Matthews answered, “Six months.”

“How many weekends was she with me?”

“That doesn’t-”

“How many?”

“Two, I think”

“You broke into my house to plant those letters. How many pictures of her did you see?”

“Dad…

“How many?” Tate asked firmly, ignoring the girl.

Matthews finally said, “None.”

“What did her bedroom look like?”

Another hesitation. Then: “A storeroom.”

“How much affection did you ever see between us? Did I seem like a father? I’ve got dark, curly hair and eyes. Beth auburn. And Megan’s blond, for God’s sake. Does she even look like me? Look at the eyes. Look!”

He did. He said uncertainly, “I still don’t believe you.”

“No, Daddy! No!”

“You went to see my wife,” Tate continued to Matthews, squeezing Megan’s leg to silence her.

The doctor nodded.

“Well, you’re a therapist. What did you see in Bett’s face when you were talking to her? What was there when she was telling you about us and about Megan?”

Matthews reflected. “I saw… guilt.”

“That’s right,” Tate said. “Guilt.”

Matthews looked from one of his captives to the other.

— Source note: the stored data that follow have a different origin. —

lemma reaches_within_taylor_LApp:
  assumes "reaches_within s (taylor M) t" and "\<forall>y\<in>#b. \<exists>x\<in>taylor N. reaches_within x (taylor N') y"
  shows "\<exists>b0. set_mset b0 \<subseteq> taylor N \<and> reaches_within (RApp s b0) (taylor (LApp M N')) (RApp t b)"
proof -
  let ?X = "{x \<in> taylor N. reduces_into x (taylor N')}"
  have "\<forall>y\<in>#b. \<exists>x\<in>?X. reaches_within x (taylor N') y"
    using assms(2) reaches_within_imp_reduces_into by blast
  then obtain b0 where b0: "set_mset b0 \<subseteq> ?X"
    "reaches_within (RApp t b0) {RApp t b' | b'. set_mset b' \<subseteq> taylor N'} (RApp t b)"
    using reaches_within_RApp_arg by blast
  have "{RApp t b' | b'. set_mset b' \<subseteq> taylor N'} \<subseteq> taylor (LApp M N')"
    using reaches_within_mem[OF assms(1)] by (auto simp: taylor_LApp simp del: mem_taylor)
  then have "reaches_within (RApp t b0) (taylor (LApp M N')) (RApp t b)"
    using b0(2) reaches_within_mono by blast
  moreover have "reaches_within (RApp s b0) ((\<lambda>x. RApp x b0) ` taylor M) (RApp t b0)"
    by (rule reaches_within_image[where f = "\<lambda>x. RApp x b0", OF _ assms(1)]) (rule rred.r_head)
  moreover have "reduces_into x (taylor (LApp M N'))" if "x \<in> (\<lambda>x. RApp x b0) ` taylor M" for x
  proof -
    from that obtain v where "x = RApp v b0" "v \<in> taylor M" by blast
    moreover have "\<forall>y\<in>#b0. reduces_into y (taylor N')" using b0(1) by blast
    ultimately show ?thesis by (metis reduces_into_taylor_LApp reduces_into_refl)
  qed
  ultimately have "reaches_within (RApp s b0) (taylor (LApp M N')) (RApp t b)"
    using reaches_within_trans by blast
  then show ?thesis using b0(1) by blast
qed
definition holomorphic_sg :: "(real \<Rightarrow> 'a::complex_hilbert \<Rightarrow> 'a) \<Rightarrow> bool" where
  "holomorphic_sg T \<longleftrightarrow>
     (\<exists>\<delta>>0. \<exists>F. (\<forall>t>0. F (complex_of_real t) = T t) \<and>
        (\<forall>z\<in>sector \<delta>. bounded_clinear (F z)) \<and> op_holomorphic_on F (sector \<delta>))"

definition num_range :: "('a::complex_hilbert \<Rightarrow> 'a) \<Rightarrow> 'a set \<Rightarrow> complex set" where
  "num_range A D = {cinner (A x) x | x. x \<in> D \<and> norm x = 1}"

definition m_of :: "('a::complex_hilbert \<Rightarrow> 'a) \<Rightarrow> 'a set \<Rightarrow> real" where
  "m_of A D = Inf (Re ` num_range A D)"

definition dom_sq :: "('a \<Rightarrow> 'a) \<Rightarrow> 'a set \<Rightarrow> 'a set" where
  "dom_sq A D = {x \<in> D. A x \<in> D}"

definition strict_convex_on :: "real set \<Rightarrow> (real \<Rightarrow> real) \<Rightarrow> bool" where
  "strict_convex_on S f \<longleftrightarrow>
     (\<forall>x\<in>S. \<forall>y\<in>S. x \<noteq> y \<longrightarrow> (\<forall>u. 0 < u \<and> u < 1 \<longrightarrow>
        f ((1 - u) * x + u * y) < (1 - u) * f x + u * f y))"

text \<open>C^1 on S (one-sided derivatives at boundary points of S, via at t within S).\<close>
definition C1_on :: "real set \<Rightarrow> (real \<Rightarrow> real) \<Rightarrow> bool" where
  "C1_on S f \<longleftrightarrow> (\<exists>f'. (\<forall>t\<in>S. (f has_real_derivative f' t) (at t within S)) \<and> continuous_on S f')"

definition Cinf_on :: "real set \<Rightarrow> (real \<Rightarrow> real) \<Rightarrow> bool" where
  "Cinf_on S f \<longleftrightarrow> (\<exists>Df :: nat \<Rightarrow> real \<Rightarrow> real. (\<forall>t\<in>S. Df 0 t = f t) \<and>
     (\<forall>n. \<forall>t\<in>S. (Df n has_real_derivative Df (Suc n) t) (at t within S)))"

end

theory Submission
  imports Defs "HOL-Complex_Analysis.Complex_Analysis"
begin

text \<open>For \<open>t > 0\<close> holomorphy puts \<open>u = T t u0\<close> into the domain of every power of \<open>A\<close> and
  makes \<open>h\<close> smooth, with \<open>h' = - \<langle>A u, u\<rangle> / |u|\<close> and
  \<open>h'' = (\<langle>A\<^sup>2 u, u\<rangle> + |A u|\<^sup>2) / |u| - \<langle>A u, u\<rangle>\<^sup>2 / |u|\<^sup>3\<close> (real inner products).
  Accretivity of \<open>A\<^sup>2\<close>, Cauchy-Schwarz and strict accretivity of \<open>A\<close> give \<open>h'' > 0\<close> and
  \<open>h' \<le> - m(A) h < 0\<close>; that \<open>u \<noteq> 0\<close> is backward uniqueness, i.e. analytic continuation
  along the sector.  Since \<open>h'\<close> increases, the mean value theorem makes the right difference
  quotient of \<open>h\<close> at \<open>0\<close> converge to \<open>inf h'\<close>.\<close>

section \<open>The complex structure\<close>

lemma inner_imul_left: "inner (imul x) y = - inner x (imul y)"
proof -
  have "inner (imul (imul x)) (imul y) = inner (imul x) y" by (rule inner_imul)
  then show ?thesis by (simp add: imul_imul)
qed

lemma norm_imul [simp]: "norm (imul x) = norm x"
  by (simp add: norm_eq_sqrt_inner inner_imul)

lemma bounded_linear_imul: "bounded_linear imul"
  by (rule bounded_linear_intro[where K=1]) (auto simp: imul_add imul_scaleR)

lemma bounded_linear_cscale: "bounded_linear (cscale c)"
  unfolding cscale_def
  by (intro bounded_linear_add bounded_linear_scaleR_right bounded_linear_ident
      bounded_linear_compose[OF bounded_linear_scaleR_right bounded_linear_imul])

lemma cscale_of_real [simp]: "cscale (complex_of_real r) x = r *\<^sub>R x"
  by (simp add: cscale_def)

lemma Re_cinner [simp]: "Re (cinner x y) = inner x y"
  by (simp add: cinner_def)

lemma cinner_cscale_left: "cinner (cscale c x) y = c * cinner x y"
  by (simp add: cinner_def cscale_def complex_eq_iff inner_add_left inner_imul_left inner_imul
      imul_imul algebra_simps)

lemma cinner_diff_left: "cinner (x - x') y = cinner x y - cinner x' y"
  by (simp add: cinner_def complex_eq_iff inner_diff_left)

lemma tendsto_cinner_left:
  "(f \<longlongrightarrow> a) F \<Longrightarrow> ((\<lambda>x. cinner (f x) y) \<longlongrightarrow> cinner a y) F"
  unfolding cinner_def by (intro tendsto_Complex tendsto_inner tendsto_const)

section \<open>Derivatives of real and vector functions\<close>

lemma has_vector_derivative_iff_tendsto_quotient:
  "(f has_vector_derivative f') (at x within S) \<longleftrightarrow>
   ((\<lambda>y. (1 / (y - x)) *\<^sub>R (f y - f x)) \<longlongrightarrow> f') (at x within S)"
proof -
  have "\<forall>\<^sub>F y in at x within S. norm (f y - f x - (y - x) *\<^sub>R f') / norm (y - x)
          = norm ((1 / (y - x)) *\<^sub>R (f y - f x) - f')"
  proof (rule eventually_mono[OF eventually_neq_at_within[of x x S]])
    fix y :: real assume "y \<noteq> x"
    then have "(1 / (y - x)) *\<^sub>R (f y - f x) - f' = (1 / (y - x)) *\<^sub>R (f y - f x - (y - x) *\<^sub>R f')"
      by (simp add: scaleR_diff_right)
    then show "norm (f y - f x - (y - x) *\<^sub>R f') / norm (y - x) = norm ((1 / (y - x)) *\<^sub>R (f y - f x) - f')"
      by (simp add: divide_inverse mult.commute)
  qed
  then have "(f has_vector_derivative f') (at x within S) \<longleftrightarrow>
      ((\<lambda>y. norm ((1 / (y - x)) *\<^sub>R (f y - f x) - f')) \<longlongrightarrow> 0) (at x within S)"
    unfolding has_vector_derivative_def has_derivative_iff_norm
    by (simp add: bounded_linear_scaleR_left tendsto_cong)
  then show ?thesis
    by (simp add: tendsto_norm_zero_iff LIM_zero_iff)
qed

lemma has_vector_derivative_tendsto_right_quotient:
  assumes "(f has_vector_derivative f') (at x)"
  shows "((\<lambda>h. (1 / h) *\<^sub>R (f (x + h) - f x)) \<longlongrightarrow> f') (at_right 0)"
proof -
  have "((\<lambda>y. (1 / (y - x)) *\<^sub>R (f y - f x)) \<longlongrightarrow> f') (at_right x)"
    using assms unfolding has_vector_derivative_iff_tendsto_quotient
    by (rule tendsto_within_subset) simp
  then show ?thesis
    unfolding filterlim_at_right_to_0[of _ _ x] by (simp add: add.commute)
qed

lemma has_vector_derivative_norm:
  fixes f :: "real \<Rightarrow> 'a::real_inner"
  assumes "(f has_vector_derivative f') (at t within S)" and "f t \<noteq> 0"
  shows "((\<lambda>s. norm (f s)) has_real_derivative inner (f t) f' / norm (f t)) (at t within S)"
proof -
  have "((\<lambda>s. norm (f s)) has_derivative (\<lambda>h. inner (h *\<^sub>R f') (sgn (f t)))) (at t within S)"
    by (rule has_derivative_compose[OF assms(1)[unfolded has_vector_derivative_def]
          has_derivative_norm[OF assms(2)]])
  then show ?thesis
    unfolding has_field_derivative_def
    by (rule has_derivative_eq_rhs) (auto simp: sgn_div_norm inner_commute divide_inverse fun_eq_iff)
qed

lemma strict_antimono_on_if_deriv_neg:
  fixes f f' :: "real \<Rightarrow> real"
  assumes "continuous_on {0..} f"
    and "\<And>t. 0 < t \<Longrightarrow> (f has_real_derivative f' t) (at t)" and "\<And>t. 0 < t \<Longrightarrow> f' t < 0"
  shows "strict_antimono_on {0..} f"
proof (rule monotone_onI)
  fix a b :: real assume "a \<in> {0..}" "b \<in> {0..}" "a < b"
  show "f b < f a"
  proof (rule DERIV_neg_imp_decreasing_open[OF \<open>a < b\<close>])
    fix x assume "a < x" "x < b"
    with \<open>a \<in> {0..}\<close> have "0 < x" by simp
    then show "\<exists>y. (f has_real_derivative y) (at x) \<and> y < 0" using assms(2,3) by blast
  next
    show "continuous_on {a..b} f"
      using assms(1) \<open>a \<in> {0..}\<close> by (auto intro: continuous_on_subset)
  qed
qed

lemma MVT_open:
  fixes f f' :: "real \<Rightarrow> real"
  assumes "a < b" and "continuous_on {a..b} f"
    and "\<And>t. a < t \<Longrightarrow> t < b \<Longrightarrow> (f has_real_derivative f' t) (at t)"
  obtains z where "a < z" "z < b" "f b - f a = (b - a) * f' z"
proof -
  obtain z where "a < z" "z < b" "f b - f a = f' z * (b - a)"
    by (rule mvt[OF assms(1,2), of "\<lambda>t. (*) (f' t)"])
      (use assms(3) in \<open>auto simp: has_field_derivative_def\<close>)
  then show ?thesis using that by (simp add: mult.commute)
qed

lemma strict_convex_on_if_deriv_strict_mono:
  fixes f f' :: "real \<Rightarrow> real"
  assumes cont: "continuous_on {0..} f"
    and deriv: "\<And>t. 0 < t \<Longrightarrow> (f has_real_derivative f' t) (at t)"
    and mono: "\<And>s t. 0 < s \<Longrightarrow> s < t \<Longrightarrow> f' s < f' t"
  shows "strict_convex_on {0..} f"
proof -
  have less: "f ((1 - u) * x + u * y) < (1 - u) * f x + u * f y"
    if "0 \<le> x" "x < y" "0 < u" "u < 1" for x y u :: real
  proof -
    define z where "z = (1 - u) * x + u * y"
    have zx: "z - x = u * (y - x)" and yz: "y - z = (1 - u) * (y - x)"
      by (simp_all add: z_def algebra_simps)
    then have "x < z" "z < y" using that by (smt (verit) mult_pos_pos)+
    obtain z1 where z1: "x < z1" "z1 < z" "f z - f x = (z - x) * f' z1"
      by (rule MVT_open[OF \<open>x < z\<close>, of f f'])
        (use cont deriv \<open>0 \<le> x\<close> in \<open>auto intro: continuous_on_subset\<close>)
    obtain z2 where z2: "z < z2" "z2 < y" "f y - f z = (y - z) * f' z2"
      by (rule MVT_open[OF \<open>z < y\<close>, of f f'])
        (use cont deriv \<open>0 \<le> x\<close> \<open>x < z\<close> in \<open>auto intro: continuous_on_subset\<close>)
    have "(1 - u) * (f z - f x) = (1 - u) * u * (y - x) * f' z1" using z1(3) zx by simp
    also have "\<dots> < (1 - u) * u * (y - x) * f' z2"
      using mono[of z1 z2] z1 z2 that by simp
    also have "\<dots> = u * (f y - f z)" using z2(3) yz by simp
    finally show ?thesis by (simp add: z_def algebra_simps)
  qed
  show ?thesis
    unfolding strict_convex_on_def
  proof (intro ballI impI allI)
    fix x y u :: real assume "x \<in> {0..}" "y \<in> {0..}" "x \<noteq> y" "0 < u \<and> u < 1"
    then consider "x < y" | "y < x" by linarith
    then show "f ((1 - u) * x + u * y) < (1 - u) * f x + u * f y"
    proof cases
      case 1 then show ?thesis using less[of x y u] \<open>x \<in> {0..}\<close> \<open>0 < u \<and> u < 1\<close> by simp
    next
      case 2 then show ?thesis using less[of y x "1 - u"] \<open>y \<in> {0..}\<close> \<open>0 < u \<and> u < 1\<close>
        by (simp add: algebra_simps)
    qed
  qed
qed

lemma right_quotient_tendsto_INF_deriv:
  fixes f f' :: "real \<Rightarrow> real"
  assumes cont: "continuous_on {0..} f"
    and deriv: "\<And>t. 0 < t \<Longrightarrow> (f has_real_derivative f' t) (at t)"
    and mono: "\<And>s t. 0 < s \<Longrightarrow> s < t \<Longrightarrow> f' s < f' t"
  shows "((\<lambda>s. ereal ((f s - f 0) / s)) \<longlongrightarrow> (INF t\<in>{0<..}. ereal (f' t))) (at_right 0)"
proof -
  define d where "d = (INF t\<in>{0<..}. ereal (f' t))"
  have lower: "d \<le> ereal (f' t)" if "0 < t" for t
    unfolding d_def using that by (intro INF_lower) auto
  have deriv_tendsto: "((\<lambda>t. ereal (f' t)) \<longlongrightarrow> d) (at_right 0)"
  proof (rule order_tendstoI)
    fix a assume "a < d"
    then show "\<forall>\<^sub>F t in at_right 0. a < ereal (f' t)"
      using lower by (auto intro: eventually_at_right_less[THEN eventually_mono] less_le_trans)
  next
    fix a assume "d < a"
    then obtain t0 where "0 < t0" "ereal (f' t0) < a"
      unfolding d_def INF_less_iff by auto
    then show "\<forall>\<^sub>F t in at_right 0. ereal (f' t) < a"
      unfolding eventually_at_right_field using mono
      by (intro exI[of _ t0]) (auto intro: less_trans[rotated])
  qed
  have "\<forall>\<^sub>F s in at_right 0. d \<le> ereal ((f s - f 0) / s) \<and> ereal ((f s - f 0) / s) \<le> ereal (f' s)"
  proof (rule eventually_mono[OF eventually_at_right_less])
    fix s :: real assume "0 < s"
    obtain z where "0 < z" "z < s" "f s - f 0 = (s - 0) * f' z"
      by (rule MVT_open[OF \<open>0 < s\<close>, of f f']) (use cont deriv in \<open>auto intro: continuous_on_subset\<close>)
    with \<open>0 < s\<close> show "d \<le> ereal ((f s - f 0) / s) \<and> ereal ((f s - f 0) / s) \<le> ereal (f' s)"
      using lower[of z] mono[of z s] by simp
  qed
  then show ?thesis
    unfolding d_def[symmetric]
    by (intro tendsto_sandwich[OF _ _ tendsto_const deriv_tendsto]) (auto elim: eventually_mono)
qed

“Seventeen years ago,” Tate began slowly, speaking to Megan, finally revealing the truth they’d kept from her for all these years, “I was prosecuting cases, making a name for myself. The Washington Post called me the hottest young prosecutor in the commonwealth. I’d take on every assignment that came into the office. I was working eighty hours a week. I got home to your mother on weekends at best. I’d go for three or four days in a row and hardly even call. I was trying to be my grandfather The lawyer-farmer-patriarch. I’d be a local celebrity. We’d have a huge family, an old manse. Sunday di

He took a deep breath, “That was when your aunt Susan had her first bad heart attack. She was in the hospital for a month and mostly bedridden after that.”

“What are you saying?” Megan whispered.